El comandante sonrió.
—Puede ser. Todo es negociable. ¿Qué me propone el venerable?
François Branier guardó silencio.
—¿Le interesa el último plan de trabajo de mi logia?
Las narinas del comandante se apretaron. Jamás había logrado obtener un documento serio sobre los temas abordados por los hermanos de «Conocimiento».
—Será un principio, venerable…
Al venerable se le secó la garganta. Perdió las fuerzas. Pronunció algunas palabras inaudibles y volvió a intentarlo.
—Nosotros hemos estudiado los derechos del hombre, la integración del individuo en la sociedad y la…
—Me está tomando el pelo, venerable.
El comandante del campo había empalidecido. Sentía una rabia fría.
—¡No! —gritó el venerable—. ¡Déjeme hablar, por Dios!
François Branier había intentado una jugada imposible. Había que destensar la situación. Esta vez, se vio obligado a revelar auténtica información. El comandante estaba demasiado bien enterado para dejarse engañar.

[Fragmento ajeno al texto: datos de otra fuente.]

lemma continuous_on_profile:
  assumes "continuous_on UNIV f"
  shows "continuous_on UNIV (profile I f)"
proof -
  have right: "continuous_on UNIV
      (\<lambda>P. if P \<le> W then f P else affine_flow outer_rate (I / of_real \<sigma>) (f W) (P - W))"
  proof (rule continuous_on_cases_le[where h = "\<lambda>P. P"])
    show "continuous_on {P \<in> UNIV. P \<le> W} f"
      using assms by (rule continuous_on_subset) simp
  qed (auto intro: continuous_on_affine_flow continuous_on_id)
  show ?thesis
    unfolding profile_def[abs_def]
  proof (rule continuous_on_cases_le[where h = "\<lambda>P. P"])
    show "continuous_on {P \<in> UNIV. P \<le> -W}
            (\<lambda>P. affine_flow outer_rate (I / of_real \<sigma>) (f (-W)) (P + W))"
      using continuous_on_affine_flow[of _ outer_rate "I / of_real \<sigma>" "f (-W)" "-W"] by simp
    show "continuous_on {P \<in> UNIV. -W \<le> P}
            (\<lambda>P. if P \<le> W then f P else affine_flow outer_rate (I / of_real \<sigma>) (f W) (P - W))"
      using right by (rule continuous_on_subset) simp
  qed (use W_pos in \<open>auto intro: continuous_on_id\<close>)
qed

El ayudante de campo estaba nervioso. Esperaba una reacción violenta del comandante. Nadie se había atrevido a hablarle en ese tono. Pero el agente de las SS permaneció inmóvil, acechando a su presa.
—Con «nosotros» —prosiguió François Branier—, me refería a la práctica totalidad de masones que se ocupaban de la moral, del civismo, de la integración y de otros mil temas profanos. La logia «Conocimiento» fue creada para salir de esta encrucijada. Su último tema de estudio ha sido la Regla.

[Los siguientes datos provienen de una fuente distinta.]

(* The function $F:\Delta^K\to\mathbb{R}^{K+1}$ described in the context is $\lambda(5+\sqrt K)$-Lipschitz continuous with respect to the Euclidean norm, i.e., \[ \|F(x)-F(y)\|\le\lambda(5+\sqrt K)\|x-y\|\qquad\text{for all }x,y\in\Delta^K. \]
   Context: Parameters: integer $K\ge 1$, $\lambda>0$, $\mu\in(0,1]$, $p_1,\dots,p_K\in[0,1]$. $\Delta^K=\{x\in\mathbb{R}^{K+1}:\sum_{k=0}^K x_k=1,\ x_k\ge0\}$ (coordinates indexed from $0$). $F$ is given by $F_0(x)=-\lambda x_0\sum_{k=1}^K(\frac{\mu}{K}+(1-\mu)x_k)p_k$ and, for $k=1,\dots,K$, $F_k(x)=\lambda x_0(\frac{\mu}{K}+(1-\mu)x_k)p_k+\lambda x_k\sum_{k'=1}^K(p_k-p_{k'})x_{k'}$. *)

theory Defs
  imports "HOL-Analysis.Analysis"
begin

text \<open>Points of R^(K+1) are represented as functions nat => real, coordinates 0..K.\<close>

definition std_simplex_K :: "nat \<Rightarrow> (nat \<Rightarrow> real) set" where
  "std_simplex_K K = {x. (\<Sum>k=0..K. x k) = 1 \<and> (\<forall>k\<in>{0..K}. x k \<ge> 0)}"

definition enorm :: "nat \<Rightarrow> (nat \<Rightarrow> real) \<Rightarrow> real" where
  "enorm K v = sqrt (\<Sum>k=0..K. (v k)^2)"

definition Fmap :: "nat \<Rightarrow> real \<Rightarrow> real \<Rightarrow> (nat \<Rightarrow> real) \<Rightarrow> (nat \<Rightarrow> real) \<Rightarrow> nat \<Rightarrow> real" where
  "Fmap K lam mu p x k =
     (if k = 0 then - lam * x 0 * (\<Sum>j=1..K. (mu / real K + (1 - mu) * x j) * p j)
      else lam * x 0 * (mu / real K + (1 - mu) * x k) * p k
           + lam * x k * (\<Sum>j=1..K. (p k - p j) * x j))"

end

theory Submission
  imports Defs
begin

text \<open>Write \<open>d = x - y\<close> and \<open>P = \<Sum>j\<ge>1. p\<^sub>j d\<^sub>j\<close>. Expanding every product in \<open>F(x) - F(y)\<close>
  by the product rule, and using \<open>\<Sum>j\<ge>1. d\<^sub>j = -d\<^sub>0\<close>, splits the difference into three vectors:
  \<open>d\<^sub>0\<close> times a vector of \<open>\<ell>\<^sub>1\<close>-norm at most 3, \<open>d\<close> times a diagonal multiplier bounded by 2, and
  \<open>P\<close> times a vector of \<open>\<ell>\<^sub>1\<close>-norm at most 1. Since \<open>\<ell>\<^sub>2 \<le> \<ell>\<^sub>1\<close>, \<open>\<bar>d\<^sub>0\<bar> \<le> \<parallel>d\<parallel>\<close> and, by
  Cauchy-Schwarz, \<open>\<bar>P\<bar> \<le> \<surd>K \<parallel>d\<parallel>\<close>, the three contribute \<open>3 + 2 + \<surd>K\<close> times \<open>\<parallel>d\<parallel>\<close>.\<close>

lemma L2_set_abs: "L2_set (\<lambda>i. \<bar>f i\<bar>) A = L2_set f A"
  unfolding L2_set_def by simp

lemma L2_set_scale: "L2_set (\<lambda>i. c * f i) A = \<bar>c\<bar> * L2_set f A"
  unfolding L2_set_def
  by (simp add: power_mult_distrib real_sqrt_mult flip: sum_distrib_left)

lemma L2_set_mono_abs:
  assumes "\<And>i. i \<in> A \<Longrightarrow> \<bar>f i\<bar> \<le> \<bar>g i\<bar>"
  shows "L2_set f A \<le> L2_set g A"
proof -
  have "L2_set (\<lambda>i. \<bar>f i\<bar>) A \<le> L2_set (\<lambda>i. \<bar>g i\<bar>) A"
    by (rule L2_set_mono) (use assms in auto)
  thus ?thesis by (simp add: L2_set_abs)
qed

lemma L2_set_subset_le:
  assumes "finite B" "A \<subseteq> B"
  shows "L2_set f A \<le> L2_set f B"
  unfolding L2_set_def using assms by (intro real_sqrt_le_mono sum_mono2) auto

lemma abs_le_L2_set: "finite A \<Longrightarrow> i \<in> A \<Longrightarrow> \<bar>f i\<bar> \<le> L2_set f A"
  using member_le_L2_set[of A i "\<lambda>i. \<bar>f i\<bar>"] by (simp add: L2_set_abs)

lemma L2_set_scale_le:
  assumes "\<bar>c\<bar> \<le> C" "(\<Sum>i\<in>A. \<bar>f i\<bar>) \<le> B"
  shows "L2_set (\<lambda>i. c * f i) A \<le> C * B"
proof -
  have "L2_set (\<lambda>i. c * f i) A \<le> \<bar>c\<bar> * (\<Sum>i\<in>A. \<bar>f i\<bar>)"
    unfolding L2_set_scale by (intro mult_left_mono L2_set_le_sum_abs) simp
  also have "\<dots> \<le> C * B"
    using assms by (intro mult_mono) (auto intro: sum_nonneg)
  finally show ?thesis .
qed

lemma L2_set_mult_le:
  assumes "\<And>i. i \<in> A \<Longrightarrow> \<bar>g i\<bar> \<le> C" "0 \<le> C"
  shows "L2_set (\<lambda>i. f i * g i) A \<le> C * L2_set f A"
proof -
  have "L2_set (\<lambda>i. f i * g i) A \<le> L2_set (\<lambda>i. C * f i) A"
    using assms by (intro L2_set_mono_abs) (simp add: abs_mult mult.commute[of C] mult_left_mono)
  thus ?thesis using assms(2) by (simp add: L2_set_scale)
qed

lemma abs_sum_mult_le_L2_set: "\<bar>\<Sum>i\<in>A. f i * g i\<bar> \<le> L2_set f A * L2_set g A"
  by (rule order_trans[OF sum_abs]) (simp add: abs_mult L2_set_mult_ineq)

lemma enorm_eq_L2_set: "enorm K v = L2_set v {0..K}"
  by (simp add: enorm_def L2_set_def)

lemma std_simplex_K_nonneg: "x \<in> std_simplex_K K \<Longrightarrow> k \<le> K \<Longrightarrow> 0 \<le> x k"
  by (simp add: std_simplex_K_def)

lemma std_simplex_K_le_one:
  assumes "x \<in> std_simplex_K K" "k \<le> K"
  shows "x k \<le> 1"
  using assms member_le_sum[of k "{0..K}" x] by (auto simp: std_simplex_K_def)

lemma std_simplex_K_sum_tail: "x \<in> std_simplex_K K \<Longrightarrow> (\<Sum>k=1..K. x k) = 1 - x 0"
  by (simp add: std_simplex_K_def sum.atLeast_Suc_atMost)

definition adopt_weight :: "nat \<Rightarrow> real \<Rightarrow> (nat \<Rightarrow> real) \<Rightarrow> nat \<Rightarrow> real" where
  "adopt_weight K mu x k = mu / real K + (1 - mu) * x k"

definition payoff_gap :: "nat \<Rightarrow> (nat \<Rightarrow> real) \<Rightarrow> (nat \<Rightarrow> real) \<Rightarrow> nat \<Rightarrow> real" where
  "payoff_gap K p x k = (\<Sum>j=1..K. (p k - p j) * x j)"

lemma Fmap_altdef:
  "Fmap K lam mu p x k =
     (if k = 0 then - lam * x 0 * (\<Sum>j=1..K. adopt_weight K mu x j * p j)
      else lam * x 0 * adopt_weight K mu x k * p k + lam * x k * payoff_gap K p x k)"
  by (simp add: Fmap_def adopt_weight_def payoff_gap_def)

definition d0_coeff ::
  "nat \<Rightarrow> real \<Rightarrow> (nat \<Rightarrow> real) \<Rightarrow> (nat \<Rightarrow> real) \<Rightarrow> (nat \<Rightarrow> real) \<Rightarrow> nat \<Rightarrow> real" where
  "d0_coeff K mu p x y k =
     (if k = 0 then - (\<Sum>j=1..K. adopt_weight K mu x j * p j)
      else p k * (adopt_weight K mu x k - y k))"

definition diag_coeff ::
  "nat \<Rightarrow> real \<Rightarrow> (nat \<Rightarrow> real) \<Rightarrow> (nat \<Rightarrow> real) \<Rightarrow> (nat \<Rightarrow> real) \<Rightarrow> nat \<Rightarrow> real" where
  "diag_coeff K mu p x y k = (if k = 0 then 0 else (1 - mu) * y 0 * p k + payoff_gap K p x k)"

definition payoff_coeff :: "real \<Rightarrow> (nat \<Rightarrow> real) \<Rightarrow> nat \<Rightarrow> real" where
  "payoff_coeff mu y k = - (if k = 0 then (1 - mu) * y 0 else y k)"

lemma Fmap_diff_decomposition:
  assumes "(\<Sum>k=0..K. x k) = (\<Sum>k=0..K. y k)"
  shows "Fmap K lam mu p x k - Fmap K lam mu p y k
     = lam * ((x 0 - y 0) * d0_coeff K mu p x y k + (x k - y k) * diag_coeff K mu p x y k
              + (\<Sum>j=1..K. p j * (x j - y j)) * payoff_coeff mu y k)"
proof -
  define P where "P = (\<Sum>j=1..K. p j * (x j - y j))"
  define S where "S z = (\<Sum>j=1..K. adopt_weight K mu z j * p j)" for z
  have Sy: "S y = S x - (1 - mu) * P"
    unfolding S_def P_def
    by (simp add: adopt_weight_def algebra_simps sum_subtractf sum_distrib_left flip: sum.distrib)
  have tail: "(\<Sum>j=1..K. x j - y j) = - (x 0 - y 0)"
    using assms by (simp add: sum.atLeast_Suc_atMost sum_subtractf)
  have "payoff_gap K p x k - payoff_gap K p y k = p k * (\<Sum>j=1..K. x j - y j) - P"
    unfolding P_def
    by (simp add: payoff_gap_def algebra_simps sum_subtractf sum_distrib_left flip: sum.distrib)
  hence gap_y: "payoff_gap K p y k = payoff_gap K p x k + p k * (x 0 - y 0) + P"
    unfolding tail by (simp add: algebra_simps)
  have "Fmap K lam mu p x k - Fmap K lam mu p y k
     = lam * ((x 0 - y 0) * d0_coeff K mu p x y k + (x k - y k) * diag_coeff K mu p x y k
              + P * payoff_coeff mu y k)"
  proof (cases "k = 0")
    case True
    then have "Fmap K lam mu p x k - Fmap K lam mu p y k = - lam * x 0 * S x + lam * y 0 * S y"
      by (simp add: Fmap_altdef S_def)
    moreover have "d0_coeff K mu p x y 0 = - S x"
      by (simp add: d0_coeff_def S_def)
    ultimately show ?thesis
      using True by (simp add: Sy diag_coeff_def payoff_coeff_def algebra_simps)
  next
    case False
    then show ?thesis
      by (simp add: Fmap_altdef gap_y d0_coeff_def diag_coeff_def payoff_coeff_def
          adopt_weight_def algebra_simps diff_divide_distrib)
  qed
  then show ?thesis
    unfolding P_def .
qed

lemma adopt_weight_nonneg: "0 \<le> mu \<Longrightarrow> mu \<le> 1 \<Longrightarrow> 0 \<le> x k \<Longrightarrow> 0 \<le> adopt_weight K mu x k"
  by (simp add: adopt_weight_def)

lemma sum_adopt_weight_le_one:
  assumes "0 \<le> mu" "mu \<le> 1" "x \<in> std_simplex_K K"
  shows "(\<Sum>k=1..K. adopt_weight K mu x k) \<le> 1"
proof -
  have "(\<Sum>k=1..K. adopt_weight K mu x k) = real K * (mu / real K) + (1 - mu) * (1 - x 0)"
    using std_simplex_K_sum_tail[OF assms(3)]
    by (simp add: adopt_weight_def sum.distrib flip: sum_distrib_left)
  also have "\<dots> \<le> mu + (1 - mu) * 1"
    using assms std_simplex_K_nonneg[of x K 0]
    by (intro add_mono mult_left_mono) auto
  finally show ?thesis by simp
qed

lemma abs_payoff_gap_le_one:
  assumes "\<forall>k\<in>{1..K}. 0 \<le> p k \<and> p k \<le> 1" "x \<in> std_simplex_K K" "k \<in> {1..K}"
  shows "\<bar>payoff_gap K p x k\<bar> \<le> 1"
proof -
  have "\<bar>payoff_gap K p x k\<bar> \<le> (\<Sum>j=1..K. \<bar>(p k - p j) * x j\<bar>)"
    unfolding payoff_gap_def by (rule sum_abs)
  also have "\<dots> \<le> (\<Sum>j=1..K. x j)"
  proof (rule sum_mono)
    fix j assume j: "j \<in> {1..K}"
    have "0 \<le> p k" "p k \<le> 1" "0 \<le> p j" "p j \<le> 1"
      using assms(1,3) j by auto
    hence "\<bar>p k - p j\<bar> \<le> 1" by linarith
    moreover have "0 \<le> x j"
      using assms(2) j by (auto intro: std_simplex_K_nonneg)
    ultimately show "\<bar>(p k - p j) * x j\<bar> \<le> x j"
      by (simp add: abs_mult mult_left_le_one_le)
  qed
  also have "\<dots> \<le> 1"
    using std_simplex_K_sum_tail[OF assms(2)] std_simplex_K_nonneg[OF assms(2), of 0] by simp
  finally show ?thesis .
qed

lemma sum_abs_d0_coeff_le:
  assumes "0 \<le> mu" "mu \<le> 1" "\<forall>k\<in>{1..K}. 0 \<le> p k \<and> p k \<le> 1"
    and "x \<in> std_simplex_K K" "y \<in> std_simplex_K K"
  shows "(\<Sum>k=0..K. \<bar>d0_coeff K mu p x y k\<bar>) \<le> 3"
proof -
  have w_nonneg: "0 \<le> adopt_weight K mu x k" if "k \<le> K" for k
    using assms(1,2) std_simplex_K_nonneg[OF assms(4) that] by (rule adopt_weight_nonneg)
  have "\<bar>d0_coeff K mu p x y 0\<bar> \<le> (\<Sum>j=1..K. \<bar>adopt_weight K mu x j * p j\<bar>)"
    unfolding d0_coeff_def by (simp add: sum_abs)
  also have "\<dots> \<le> (\<Sum>j=1..K. adopt_weight K mu x j)"
    using assms(3) w_nonneg by (intro sum_mono) (simp add: abs_mult mult_left_le)
  also have "\<dots> \<le> 1"
    using assms by (intro sum_adopt_weight_le_one)
  finally have head: "\<bar>d0_coeff K mu p x y 0\<bar> \<le> 1" .
  have "(\<Sum>k=1..K. \<bar>d0_coeff K mu p x y k\<bar>)
      \<le> (\<Sum>k=1..K. adopt_weight K mu x k + y k)"
  proof (rule sum_mono)
    fix k assume k: "k \<in> {1..K}"
    with assms have "\<bar>p k\<bar> \<le> 1" "0 \<le> y k" "0 \<le> adopt_weight K mu x k"
      by (auto intro: std_simplex_K_nonneg w_nonneg)
    hence "\<bar>p k\<bar> * \<bar>adopt_weight K mu x k - y k\<bar> \<le> \<bar>adopt_weight K mu x k - y k\<bar>"
      "\<bar>adopt_weight K mu x k - y k\<bar> \<le> adopt_weight K mu x k + y k"
      by (simp_all add: mult_left_le_one_le)
    thus "\<bar>d0_coeff K mu p x y k\<bar> \<le> adopt_weight K mu x k + y k"
      using k by (simp add: d0_coeff_def abs_mult)
  qed
  also have "\<dots> \<le> 1 + 1"
    using sum_adopt_weight_le_one[OF assms(1,2,4)] std_simplex_K_sum_tail[OF assms(5)]
      std_simplex_K_nonneg[OF assms(5), of 0]
    by (simp add: sum.distrib)
  finally show ?thesis
    using head by (simp add: sum.atLeast_Suc_atMost)
qed

lemma abs_diag_coeff_le:
  assumes "0 \<le> mu" "mu \<le> 1" "\<forall>k\<in>{1..K}. 0 \<le> p k \<and> p k \<le> 1"
    and "x \<in> std_simplex_K K" "y \<in> std_simplex_K K" "k \<le> K"
  shows "\<bar>diag_coeff K mu p x y k\<bar> \<le> 2"
proof (cases "k = 0")
  case False
  with assms have "\<bar>payoff_gap K p x k\<bar> \<le> 1"
    by (intro abs_payoff_gap_le_one) auto
  moreover have "\<bar>(1 - mu) * y 0 * p k\<bar> \<le> 1"
  proof -
    have "0 \<le> y 0" "y 0 \<le> 1" "0 \<le> p k" "p k \<le> 1"
      using assms False std_simplex_K_nonneg std_simplex_K_le_one by auto
    with assms(1,2) show ?thesis
      by (auto simp: abs_mult intro!: mult_le_one)
  qed
  ultimately show ?thesis
    using False by (simp add: diag_coeff_def abs_triangle_ineq[THEN order_trans])
qed (simp add: diag_coeff_def)

lemma sum_abs_payoff_coeff_le:
  assumes "0 \<le> mu" "mu \<le> 1" "y \<in> std_simplex_K K"
  shows "(\<Sum>k=0..K. \<bar>payoff_coeff mu y k\<bar>) \<le> 1"
proof -
  have y: "0 \<le> y k" if "k \<le> K" for k
    using assms(3) that by (rule std_simplex_K_nonneg)
  have "(\<Sum>k=0..K. \<bar>payoff_coeff mu y k\<bar>) = (1 - mu) * y 0 + (\<Sum>k=1..K. y k)"
    using assms(1,2) y by (simp add: payoff_coeff_def sum.atLeast_Suc_atMost)
  also have "\<dots> \<le> y 0 + (1 - y 0)"
    using assms(1,2) y[of 0] std_simplex_K_sum_tail[OF assms(3)]
    by (simp add: mult_left_le_one_le)
  finally show ?thesis by simp
qed

lemma abs_payoff_sum_le:
  assumes "\<forall>k\<in>{1..K}. 0 \<le> p k \<and> p k \<le> 1"
  shows "\<bar>\<Sum>j=1..K. p j * d j\<bar> \<le> sqrt (real K) * L2_set d {0..K}"
proof -
  have "\<bar>\<Sum>j=1..K. p j * d j\<bar> \<le> L2_set p {1..K} * L2_set d {1..K}"
    by (rule abs_sum_mult_le_L2_set)
  also have "\<dots> \<le> L2_set (\<lambda>_. 1) {1..K} * L2_set d {0..K}"
    using assms by (intro mult_mono L2_set_mono_abs L2_set_subset_le) auto
  finally show ?thesis by (simp add: L2_set_constant)
qed

theorem lemma6:
  fixes K :: nat and lam mu :: real and p x y :: "nat \<Rightarrow> real"
  assumes "K \<ge> 1" and "lam > 0" and "0 < mu" and "mu \<le> 1"
    and "\<forall>k\<in>{1..K}. 0 \<le> p k \<and> p k \<le> 1"
    and "x \<in> std_simplex_K K" and "y \<in> std_simplex_K K"
  shows "enorm K (\<lambda>k. Fmap K lam mu p x k - Fmap K lam mu p y k)
           \<le> lam * (5 + sqrt (real K)) * enorm K (\<lambda>k. x k - y k)"
proof -
  define d where "d = (\<lambda>k. x k - y k)"
  define N where "N = L2_set d {0..K}"
  define P where "P = (\<Sum>j=1..K. p j * d j)"
  have mu: "0 \<le> mu" "mu \<le> 1" using assms(3,4) by auto
  have "(\<Sum>k=0..K. x k) = (\<Sum>k=0..K. y k)"
    using assms(6,7) by (simp add: std_simplex_K_def)
  hence "enorm K (\<lambda>k. Fmap K lam mu p x k - Fmap K lam mu p y k)
      = lam * L2_set (\<lambda>k. d 0 * d0_coeff K mu p x y k + d k * diag_coeff K mu p x y k
                             + P * payoff_coeff mu y k) {0..K}"
    using assms(2)
    by (simp add: enorm_eq_L2_set Fmap_diff_decomposition L2_set_scale d_def P_def)
  also have "\<dots> \<le> lam * (N * 3 + 2 * N + sqrt (real K) * N * 1)"
  proof (intro mult_left_mono order_trans[OF L2_set_triangle_ineq] add_mono)
    show "L2_set (\<lambda>k. d 0 * d0_coeff K mu p x y k) {0..K} \<le> N * 3"
      unfolding N_def using sum_abs_d0_coeff_le[OF mu assms(5-7)]
      by (intro L2_set_scale_le abs_le_L2_set) auto
    show "L2_set (\<lambda>k. d k * diag_coeff K mu p x y k) {0..K} \<le> 2 * N"
      unfolding N_def using abs_diag_coeff_le[OF mu assms(5-7)] by (intro L2_set_mult_le) auto
    show "L2_set (\<lambda>k. P * payoff_coeff mu y k) {0..K} \<le> sqrt (real K) * N * 1"
      unfolding N_def P_def using sum_abs_payoff_coeff_le[OF mu assms(7)]
      by (intro L2_set_scale_le abs_payoff_sum_le[OF assms(5)])
  qed (use assms(2) in auto)
  finally show ?thesis
    by (simp add: N_def enorm_eq_L2_set d_def algebra_simps)
qed

end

El comandante disimuló su júbilo. La Regla… la más formidable máquina de guerra concebida para unir a los hombres, para hacer de ellos un grupo inquebrantable, capaz de lograr todas las victorias. La Regla, que había permitido a monjes e iniciados civilizar Europa; y a los templarios, convertirse en una extraordinaria potencia financiera… La Regla, a la cual el cuerpo especial Aneherbe había consagrado tantas investigaciones sin resultados.
—Tendrá que darme más detalles, venerable…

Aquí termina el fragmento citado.